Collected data
(* Let $K\ge1$, $M\ge 1$, let $u_1,\dots,u_K\in\mathbb{R}$, and write $u_k^+=\max\{u_k,0\}$, $u_k^-=\max\{-u_k,0\}$, $S_+=\sum_k u_k^+$, $S_-=\sum_k u_k^-$, $s=\sum_k u_k$. Fix $\eta>0$, $\sigma_z^2>0$, $\mu_1,\dots,\mu_K>0$, and deterministic weights $c_1,\dots,c_M\ge 0$ with $C_M=\sum_{m=1}^M c_m>0$. For $k=1,\dots,K$, $m=1,\dots,M$ and branch $\pm$, let $h_{k,m,\pm}\sim\mathcal{CN}(0,\mu_k^2)$, $z_{m,\pm}\sim\mathcal{CN}(0,\sigma_z^2)$ and $\phi_{k,m,\pm}\sim\mathrm{Unif}[0,2\pi)$, all mutually independent (across transmitters, branches and chips). Define $$a_{k,m,+}=\frac{\sqrt{\eta c_m u_k^+}}{\mu_k}e^{\mathrm{i}\phi_{k,m,+}},\qquad a_{k,m,-}=\frac{\sqrt{\eta c_m u_k^-}}{\mu_k}e^{\mathrm{i}\phi_{k,m,-}},$$ $y_{m,\pm}=\sum_{k=1}^K h_{k,m,\pm}a_{k,m,\pm}+z_{m,\pm}$, and $$\hat s_M=\frac{1}{\eta C_M}\sum_{m=1}^M\left(|y_{m,+}|^2-|y_{m,-}|^2\right).$$ Then $\mathbb{E}[\hat s_M]=s$ and $$\mathrm{Var}(\hat s_M)=\frac{\sum_{m=1}^M c_m^2}{C_M^2}\left(S_+^2+S_-^2\right)+\frac{2\sigma_z^2}{\eta C_M}\sum_{k=1}^K|u_k|+\frac{2M\sigma_z^4}{\eta^2C_M^2}.$$
   Context: $\mathcal{CN}(0,\nu)$ denotes the circularly symmetric complex Gaussian distribution with variance $\nu$; $\mathrm{i}$ is the imaginary unit. *)

theory Defs
  imports "HOL-Probability.Probability"
begin

definition CN_density :: "real \<Rightarrow> complex \<Rightarrow> ennreal" where
  "CN_density nu z = ennreal (exp (- (cmod z)\<^sup>2 / nu) / (pi * nu))"

definition unif_phase_density :: "real \<Rightarrow> ennreal" where
  "unif_phase_density x = ennreal (indicator {0..<2*pi} x / (2*pi))"

text \<open>Indices of the random sources: channel h_{k,m,b}, noise z_{m,b}, phase phi_{k,m,b};
  the Boolean b is the branch (True = +, False = -).\<close>
datatype src = SrcH nat nat bool | SrcZ nat bool | SrcPhi nat nat bool

definition src_index :: "nat \<Rightarrow> nat \<Rightarrow> src set" where
  "src_index K M =
     {SrcH k m b | k m b. k \<in> {1..K} \<and> m \<in> {1..M}} \<union>
     {SrcZ m b | m b. m \<in> {1..M}} \<union>
     {SrcPhi k m b | k m b. k \<in> {1..K} \<and> m \<in> {1..M}}"

text \<open>The family of all sources; phases are embedded into complex via of_real
  (an injective measurable embedding) so that all sources share one value type.\<close>
definition src_family ::
  "(nat \<Rightarrow> nat \<Rightarrow> bool \<Rightarrow> 'a \<Rightarrow> complex) \<Rightarrow> (nat \<Rightarrow> bool \<Rightarrow> 'a \<Rightarrow> complex) \<Rightarrow>
   (nat \<Rightarrow> nat \<Rightarrow> bool \<Rightarrow> 'a \<Rightarrow> real) \<Rightarrow> src \<Rightarrow> 'a \<Rightarrow> complex" where
  "src_family h z phi i = (case i of
      SrcH k m b \<Rightarrow> h k m b
    | SrcZ m b \<Rightarrow> z m b
    | SrcPhi k m b \<Rightarrow> (\<lambda>\<omega>. complex_of_real (phi k m b \<omega>)))"

definition upos :: "real \<Rightarrow> real" where "upos x = max x 0"
definition uneg :: "real \<Rightarrow> real" where "uneg x = max (- x) 0"

definition coef ::
  "real \<Rightarrow> (nat \<Rightarrow> real) \<Rightarrow> (nat \<Rightarrow> real) \<Rightarrow> (nat \<Rightarrow> real) \<Rightarrow>
   (nat \<Rightarrow> nat \<Rightarrow> bool \<Rightarrow> 'a \<Rightarrow> real) \<Rightarrow> nat \<Rightarrow> nat \<Rightarrow> bool \<Rightarrow> 'a \<Rightarrow> complex" where
  "coef \<eta> c u \<mu> phi k m b \<omega> =
     complex_of_real (sqrt (\<eta> * c m * (if b then upos (u k) else uneg (u k))) / \<mu> k)
     * exp (\<i> * complex_of_real (phi k m b \<omega>))"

» **Activity**: Tally the lines above containing "SrcZ". Answer with the count only.

» **Answer to this task**: 3